(* Let $r,m\in\mathbb{N}$, let $E\subset\mathbb{R}^r$ be a compact domain and let $f:E\to\mathbb{R}^m$ be a solvable function. Then there exists a countable ordinal $\alpha<\omega_1$ such that $E_\alpha=\emptyset$, where $\{E_\gamma\}_\gamma$ is the sequence of $f$-removed sets on $E$.
   Context: A compact domain is a nonempty connected compact subset of $\mathbb{R}^r$; $\omega_1$ is the first uncountable ordinal. For $S\subseteq\mathbb{R}^r$ and $g:S\to\mathbb{R}^m$, $D_g$ is the set of points of $S$ at which $g$ is discontinuous with respect to the subspace topology of $S$. The sequence of $f$-removed sets on $E$: $E_0=E$; $E_{\alpha+1}=D_{f\restriction_{E_\alpha}}$; $E_\lambda=\bigcap_{\beta<\lambda}E_\beta$ for limit $\lambda$. A function $f:E\to\mathbb{R}^m$ is solvable if it is of class Baire one (a pointwise limit on $E$ of a sequence of continuous functions $E\to\mathbb{R}^m$) and for every closed set $K\subseteq E$ the set $D_{f\restriction_K}$ is closed. *)

theory Defs
  imports "HOL-Analysis.Analysis"
begin

definition discont_set :: "('a::metric_space \<Rightarrow> 'b::metric_space) \<Rightarrow> 'a set \<Rightarrow> 'a set" where
  "discont_set g S = {x \<in> S. \<not> continuous (at x within S) g}"

definition compact_domain :: "'a::euclidean_space set \<Rightarrow> bool" where
  "compact_domain E \<longleftrightarrow> E \<noteq> {} \<and> connected E \<and> compact E"

definition baire_one_on :: "'a::euclidean_space set \<Rightarrow> ('a \<Rightarrow> 'b::euclidean_space) \<Rightarrow> bool" where
  "baire_one_on E f \<longleftrightarrow>
     (\<exists>g :: nat \<Rightarrow> 'a \<Rightarrow> 'b. (\<forall>n. continuous_on E (g n)) \<and>
        (\<forall>x\<in>E. (\<lambda>n. g n x) \<longlonglongrightarrow> f x))"

definition solvable :: "'a::euclidean_space set \<Rightarrow> ('a \<Rightarrow> 'b::euclidean_space) \<Rightarrow> bool" where
  "solvable E f \<longleftrightarrow> baire_one_on E f \<and>
     (\<forall>K. closed K \<and> K \<subseteq> E \<longrightarrow> closed (discont_set f K))"

text \<open>Ordinals are represented by elements of a well-order r (reflexive, as in Main);
  the ordinal of an element a is the order type of its strict initial segment.
  S is the sequence of f-removed sets on E indexed along r:
  S at the minimum is E, at a successor of b it is D of f restricted to S b, and
  at a limit it is the intersection of all earlier stages.\<close>
definition is_imm_pred :: "'i rel \<Rightarrow> 'i \<Rightarrow> 'i \<Rightarrow> bool" where
  "is_imm_pred r b a \<longleftrightarrow> (b, a) \<in> r \<and> b \<noteq> a \<and>
     (\<forall>c. (c, a) \<in> r \<and> c \<noteq> a \<longrightarrow> (c, b) \<in> r)"

definition removed_seq ::
  "('a::euclidean_space \<Rightarrow> 'b::euclidean_space) \<Rightarrow> 'a set \<Rightarrow> 'i rel \<Rightarrow> ('i \<Rightarrow> 'a set) \<Rightarrow> bool" where
  "removed_seq f E r S \<longleftrightarrow>
     (\<forall>a\<in>Field r.
        ((\<forall>b. (b, a) \<in> r \<longrightarrow> b = a) \<longrightarrow> S a = E) \<and>
        (\<forall>b. is_imm_pred r b a \<longrightarrow> S a = discont_set f (S b)) \<and>
        ((\<exists>b. (b, a) \<in> r \<and> b \<noteq> a) \<and> \<not> (\<exists>b. is_imm_pred r b a) \<longrightarrow>
            S a = (\<Inter>{S b | b. (b, a) \<in> r \<and> b \<noteq> a})))"

end

theory Submission
  imports Defs
begin

(*
  By the Baire category theorem, a pointwise limit of continuous functions on a
  nonempty closed set X is continuous (relative to X) at some point of X, so D(X), the set of
  discontinuity points of f restricted to X, is a proper subset of X; solvability keeps every
  removed set closed. The removed sets form the tower generated from E by D and by intersections
  of nonempty subfamilies. Such a tower is well-ordered by reverse inclusion, and it is countable:
  a basic open set meeting X but missing the closed set D(X) determines X. Its least element is a
  fixed point of D, hence empty. Enumerating the tower transports reverse inclusion to a
  well-order on the natural numbers that indexes the removed sets.
*)

section \<open>Continuity points of Baire-one functions\<close>

definition small_oscillation_set :: "'a::metric_space set \<Rightarrow> ('a \<Rightarrow> 'b::metric_space) \<Rightarrow> real \<Rightarrow> 'a set" where
  "small_oscillation_set K f \<epsilon> =
     {x \<in> K. \<exists>\<eta>>0. \<forall>z\<in>K. \<forall>w\<in>K. dist z x < \<eta> \<longrightarrow> dist w x < \<eta> \<longrightarrow> dist (f z) (f w) \<le> \<epsilon>}"

lemma openin_small_oscillation_set: "openin (top_of_set K) (small_oscillation_set K f \<epsilon>)"
  unfolding openin_euclidean_subtopology_iff
proof (intro conjI ballI)
  show "small_oscillation_set K f \<epsilon> \<subseteq> K" unfolding small_oscillation_set_def by auto
  fix x assume "x \<in> small_oscillation_set K f \<epsilon>"
  then obtain \<eta> where "\<eta> > 0"
    and osc: "\<And>z w. z \<in> K \<Longrightarrow> w \<in> K \<Longrightarrow> dist z x < \<eta> \<Longrightarrow> dist w x < \<eta> \<Longrightarrow> dist (f z) (f w) \<le> \<epsilon>"
    unfolding small_oscillation_set_def by blast
  have "x' \<in> small_oscillation_set K f \<epsilon>" if "x' \<in> K" "dist x' x < \<eta>/2" for x'
  proof -
    have "dist (f z) (f w) \<le> \<epsilon>"
      if "z \<in> K" "w \<in> K" "dist z x' < \<eta>/2" "dist w x' < \<eta>/2" for z w
      using osc[of z w] dist_triangle[of z x x'] dist_triangle[of w x x'] \<open>dist x' x < \<eta>/2\<close> that
      by linarith
    then show ?thesis
      unfolding small_oscillation_set_def using \<open>x' \<in> K\<close> \<open>\<eta> > 0\<close> half_gt_zero by blast
  qed
  then show "\<exists>e>0. \<forall>x'\<in>K. dist x' x < e \<longrightarrow> x' \<in> small_oscillation_set K f \<epsilon>"
    using \<open>\<eta> > 0\<close> half_gt_zero by blast
qed

lemma continuous_within_if_small_oscillation:
  assumes "\<And>\<epsilon>. \<epsilon> > 0 \<Longrightarrow> x \<in> small_oscillation_set K f \<epsilon>"
  shows "continuous (at x within K) f"
  unfolding continuous_within_eps_delta
proof (intro allI impI)
  fix e :: real assume "e > 0"
  then obtain \<eta> where "\<eta> > 0" "x \<in> K"
    and osc: "\<forall>z\<in>K. \<forall>w\<in>K. dist z x < \<eta> \<longrightarrow> dist w x < \<eta> \<longrightarrow> dist (f z) (f w) \<le> e/2"
    using assms[of "e/2"] unfolding small_oscillation_set_def by auto
  then have "\<forall>x'\<in>K. dist x' x < \<eta> \<longrightarrow> dist (f x') (f x) < e"
    using \<open>e > 0\<close> by fastforce
  then show "\<exists>d>0. \<forall>x'\<in>K. dist x' x < d \<longrightarrow> dist (f x') (f x) < e"
    using \<open>\<eta> > 0\<close> by blast
qed

lemma Baire_closed_cover:
  fixes S :: "'a::{real_normed_vector,heine_borel} set"
  assumes "closed S" "S \<noteq> {}" and closed: "\<And>N::nat. closed (F N)" and cover: "S \<subseteq> (\<Union>N. F N)"
  shows "\<exists>N y W. y \<in> S \<and> open W \<and> y \<in> W \<and> W \<inter> S \<subseteq> F N"
proof (rule ccontr)
  assume no_piece: "\<not> ?thesis"
  have "S \<subseteq> closure (\<Inter>N. S - F N)"
  proof (rule Baire[OF \<open>closed S\<close>])
    fix T assume "T \<in> range (\<lambda>N. S - F N)"
    then obtain N where T: "T = S - F N" by auto
    have "openin (top_of_set S) T"
      unfolding T using closed by (simp add: Diff_eq openin_open_Int open_Compl)
    moreover have "y \<in> closure T" if "y \<in> S" for y
    proof (rule ccontr)
      assume "y \<notin> closure T"
      then obtain W where "open W" "y \<in> W" "T \<inter> W = {}"
        unfolding closure_iff_nhds_not_empty by blast
      then show False using no_piece \<open>y \<in> S\<close> unfolding T by blast
    qed
    ultimately show "openin (top_of_set S) T \<and> S \<subseteq> closure T" by blast
  qed simp
  moreover have "(\<Inter>N. S - F N) = {}" using cover by blast
  ultimately show False using \<open>S \<noteq> {}\<close> by (metis closure_empty subset_empty)
qed

lemma pointwise_limit_uniformly_close_on_piece:
  fixes S :: "'a::{real_normed_vector,heine_borel} set" and f :: "'a \<Rightarrow> 'b::metric_space"
  assumes "closed S" "S \<noteq> {}" and cont: "\<And>n. continuous_on S (g n)"
    and lim: "\<And>x. x \<in> S \<Longrightarrow> (\<lambda>n. g n x) \<longlonglongrightarrow> f x" and "\<epsilon> > 0"
  shows "\<exists>N y W. y \<in> S \<and> open W \<and> y \<in> W \<and> (\<forall>z\<in>W \<inter> S. dist (f z) (g N z) \<le> \<epsilon>)"
proof -
  define F where "F N = {x \<in> S. \<forall>n\<ge>N. \<forall>m\<ge>N. dist (g n x) (g m x) \<le> \<epsilon>}" for N
  have "closed (F N)" for N
  proof -
    have "F N = S \<inter> (\<Inter>n\<in>{N..}. \<Inter>m\<in>{N..}. {x \<in> S. dist (g n x) (g m x) \<le> \<epsilon>})"
      unfolding F_def by auto
    moreover have "closed {x \<in> S. dist (g n x) (g m x) \<le> \<epsilon>}" for n m
      by (rule continuous_on_closed_Collect_le[OF continuous_on_dist[OF cont cont]
            continuous_on_const \<open>closed S\<close>])
    ultimately show ?thesis
      using \<open>closed S\<close> by (simp only:) (intro closed_Int closed_INT ballI)
  qed
  moreover have "S \<subseteq> (\<Union>N. F N)"
  proof
    fix x assume "x \<in> S"
    then have "Cauchy (\<lambda>n. g n x)" using lim LIMSEQ_imp_Cauchy by blast
    then obtain N where "\<forall>m\<ge>N. \<forall>n\<ge>N. dist (g m x) (g n x) < \<epsilon>"
      using metric_CauchyD \<open>\<epsilon> > 0\<close> by blast
    then have "x \<in> F N" unfolding F_def using \<open>x \<in> S\<close> by (auto intro: less_imp_le)
    then show "x \<in> (\<Union>N. F N)" by blast
  qed
  ultimately obtain N y W where piece: "y \<in> S" "open W" "y \<in> W" "W \<inter> S \<subseteq> F N"
    using Baire_closed_cover[OF \<open>closed S\<close> \<open>S \<noteq> {}\<close>] by metis
  have "dist (f z) (g N z) \<le> \<epsilon>" if "z \<in> W \<inter> S" for z
  proof (rule LIMSEQ_le_const2)
    show "(\<lambda>n. dist (g n z) (g N z)) \<longlonglongrightarrow> dist (f z) (g N z)"
      using that by (intro tendsto_intros lim) blast
    show "\<exists>M. \<forall>n\<ge>M. dist (g n z) (g N z) \<le> \<epsilon>"
      using piece(4) that unfolding F_def by blast
  qed
  then show ?thesis using piece by blast
qed

lemma small_oscillation_set_if_close_to_continuous:
  assumes "y \<in> K" "\<eta> > 0" "\<epsilon> > 0" and cont: "continuous (at y within K) g"
    and close: "\<And>z. z \<in> K \<Longrightarrow> dist z y < \<eta> \<Longrightarrow> dist (f z) (g z) \<le> \<epsilon>/3"
  shows "y \<in> small_oscillation_set K f \<epsilon>"
proof -
  obtain \<eta>' where "\<eta>' > 0" and \<eta>': "\<forall>z\<in>K. dist z y < \<eta>' \<longrightarrow> dist (g z) (g y) < \<epsilon>/6"
    using cont \<open>\<epsilon> > 0\<close> unfolding continuous_within_eps_delta by (meson divide_pos_pos zero_less_numeral)
  have near: "dist (f z) (g y) < \<epsilon>/2" if "z \<in> K" "dist z y < min \<eta> \<eta>'" for z
    using close[of z] \<eta>' dist_triangle[of "f z" "g y" "g z"] that by fastforce
  have "\<forall>z\<in>K. \<forall>w\<in>K. dist z y < min \<eta> \<eta>' \<longrightarrow> dist w y < min \<eta> \<eta>' \<longrightarrow> dist (f z) (f w) \<le> \<epsilon>"
  proof (intro ballI impI)
    fix z w assume "z \<in> K" "w \<in> K" "dist z y < min \<eta> \<eta>'" "dist w y < min \<eta> \<eta>'"
    then show "dist (f z) (f w) \<le> \<epsilon>"
      using near[of z] near[of w] dist_triangle2[of "f z" "f w" "g y"] by linarith
  qed
  moreover have "min \<eta> \<eta>' > 0" using \<open>\<eta> > 0\<close> \<open>\<eta>' > 0\<close> by simp
  ultimately show ?thesis unfolding small_oscillation_set_def using \<open>y \<in> K\<close> by blast
qed
(* Let $d\ge2$, $\kappa,l>0$, $\lambda\in\mathbb R$, $k\in\{-1,0,1\}$ and $\mu\in\mathbb R$. On the open set of $(A,\phi)\in\mathbb R^2$ where the quantities under the square roots below are positive, define $$\pi_\phi(A,\phi)=\pm e^{dA}\sqrt{\frac{d(d-1)}{\kappa^2l^2}\mu e^{-(d+1)A}+k\Big(\frac{d-1}{2l}\Big)^2\phi^2e^{-2A}+\lambda\phi^{\frac{2(d+1)}{d-1}}},$$ $$\pi_A(A,\phi)=-\frac{d(d-1)}{\kappa^2l}e^{dA}\sqrt{1+ke^{-2A}+\mu e^{-(d+1)A}}+\frac{d-1}2\phi\,\pi_\phi(A,\phi).$$ Then (i) $\mathcal H(A,\phi,\pi_A(A,\phi),\pi_\phi(A,\phi))=0$ identically, where $$\mathcal H=\frac12\Big\{e^{-dA}\Big(\pi_\phi^2-\frac{\kappa^2}{d(d-1)}\big(\pi_A-\tfrac{d-1}2\phi\pi_\phi\big)^2\Big)+e^{dA}\Big(\frac{d(d-1)}{\kappa^2l^2}-\lambda\phi^{\frac{2(d+1)}{d-1}}+\frac{d(d-1)k}{\kappa^2l^2}e^{-2A}\big(1-\tfrac{(d-1)\kappa^2}{4d}\phi^2\big)\Big)\Big\};$$ (ii) $\partial\pi_A/\partial\phi=\partial\pi_\phi/\partial A$. Consequently, locally there is a function $\mathcal S(A,\phi)$ (depending on the arbitrary constant $\mu$) with $\pi_A=\partial_A\mathcal S$, $\pi_\phi=\partial_\phi\mathcal S$, which is a complete integral of the Hamilton–Jacobi equation $\mathcal H(A,\phi,\partial_A\mathcal S,\partial_\phi\mathcal S)=0$.
   Context: $\mathcal H$ is the radial Hamiltonian of the action $\int d^{d+1}x\sqrt g\big(-\frac{1}{2\kappa^2}(R+\frac{d(d-1)}{l^2})+\frac12(\partial\phi)^2+\frac{d-1}{8d}R\phi^2+\frac\lambda2\phi^{2(d+1)/(d-1)}\big)$ reduced to metrics $ds^2=dr^2+e^{2A(r)}g^{(0)}_{ij}dx^idx^j$ with $g^{(0)}$ of constant scalar curvature $kd(d-1)/l^2$ and $\phi=\phi(r)$; here $\pi_A$, $\pi_\phi$ are the momenta conjugate to $A$ and $\phi$. *)

theory Defs
  imports "HOL-Analysis.Analysis"
begin

text \<open>The power phi^(2(d+1)/(d-1)) for real phi, read as (phi^2)^((d+1)/(d-1)) = |phi|^(2(d+1)/(d-1)).\<close>
definition phipow :: "nat \<Rightarrow> real \<Rightarrow> real" where
  "phipow d \<phi> = (\<phi>\<^sup>2) powr ((real d + 1) / (real d - 1))"

definition rad_phi :: "nat \<Rightarrow> real \<Rightarrow> real \<Rightarrow> real \<Rightarrow> real \<Rightarrow> real \<Rightarrow> real \<Rightarrow> real \<Rightarrow> real" where
  "rad_phi d \<kappa> l lam k \<mu> A \<phi> =
     real d * (real d - 1) / (\<kappa>\<^sup>2 * l\<^sup>2) * \<mu> * exp (- (real d + 1) * A)
     + k * ((real d - 1) / (2 * l))\<^sup>2 * \<phi>\<^sup>2 * exp (- 2 * A)
     + lam * phipow d \<phi>"

definition rad_A :: "nat \<Rightarrow> real \<Rightarrow> real \<Rightarrow> real \<Rightarrow> real" where
  "rad_A d k \<mu> A = 1 + k * exp (- 2 * A) + \<mu> * exp (- (real d + 1) * A)"

definition dom_HJ :: "nat \<Rightarrow> real \<Rightarrow> real \<Rightarrow> real \<Rightarrow> real \<Rightarrow> real \<Rightarrow> (real \<times> real) set" where
  "dom_HJ d \<kappa> l lam k \<mu> = {(A, \<phi>). rad_phi d \<kappa> l lam k \<mu> A \<phi> > 0 \<and> rad_A d k \<mu> A > 0}"

text \<open>pi_phi, with sign s = +1 or -1 for the choice of branch.\<close>
definition pi_phi :: "real \<Rightarrow> nat \<Rightarrow> real \<Rightarrow> real \<Rightarrow> real \<Rightarrow> real \<Rightarrow> real \<Rightarrow> real \<Rightarrow> real \<Rightarrow> real" where
  "pi_phi s d \<kappa> l lam k \<mu> A \<phi> = s * exp (real d * A) * sqrt (rad_phi d \<kappa> l lam k \<mu> A \<phi>)"

definition pi_A :: "real \<Rightarrow> nat \<Rightarrow> real \<Rightarrow> real \<Rightarrow> real \<Rightarrow> real \<Rightarrow> real \<Rightarrow> real \<Rightarrow> real \<Rightarrow> real" where
  "pi_A s d \<kappa> l lam k \<mu> A \<phi> =
     - (real d * (real d - 1) / (\<kappa>\<^sup>2 * l)) * exp (real d * A) * sqrt (rad_A d k \<mu> A)
     + (real d - 1) / 2 * \<phi> * pi_phi s d \<kappa> l lam k \<mu> A \<phi>"

definition Ham :: "nat \<Rightarrow> real \<Rightarrow> real \<Rightarrow> real \<Rightarrow> real \<Rightarrow> real \<Rightarrow> real \<Rightarrow> real \<Rightarrow> real \<Rightarrow> real" where
  "Ham d \<kappa> l lam k A \<phi> pA pP =
     1/2 * ( exp (- real d * A) * (pP\<^sup>2 - \<kappa>\<^sup>2 / (real d * (real d - 1)) * (pA - (real d - 1) / 2 * \<phi> * pP)\<^sup>2)
           + exp (real d * A) * ( real d * (real d - 1) / (\<kappa>\<^sup>2 * l\<^sup>2) - lam * phipow d \<phi>
               + real d * (real d - 1) * k / (\<kappa>\<^sup>2 * l\<^sup>2) * exp (- 2 * A)
                 * (1 - (real d - 1) * \<kappa>\<^sup>2 / (4 * real d) * \<phi>\<^sup>2)))"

_Problem requirements_.
Select every line in the material above where the string "longlonglongrightarrow" occurs, and copy it.

_Problem solution_.
        (\<forall>x\<in>E. (\<lambda>n. g n x) \<longlonglongrightarrow> f x))"
    and lim: "\<And>x. x \<in> S \<Longrightarrow> (\<lambda>n. g n x) \<longlonglongrightarrow> f x" and "\<epsilon> > 0"
    show "(\<lambda>n. dist (g n z) (g N z)) \<longlonglongrightarrow> dist (f z) (g N z)"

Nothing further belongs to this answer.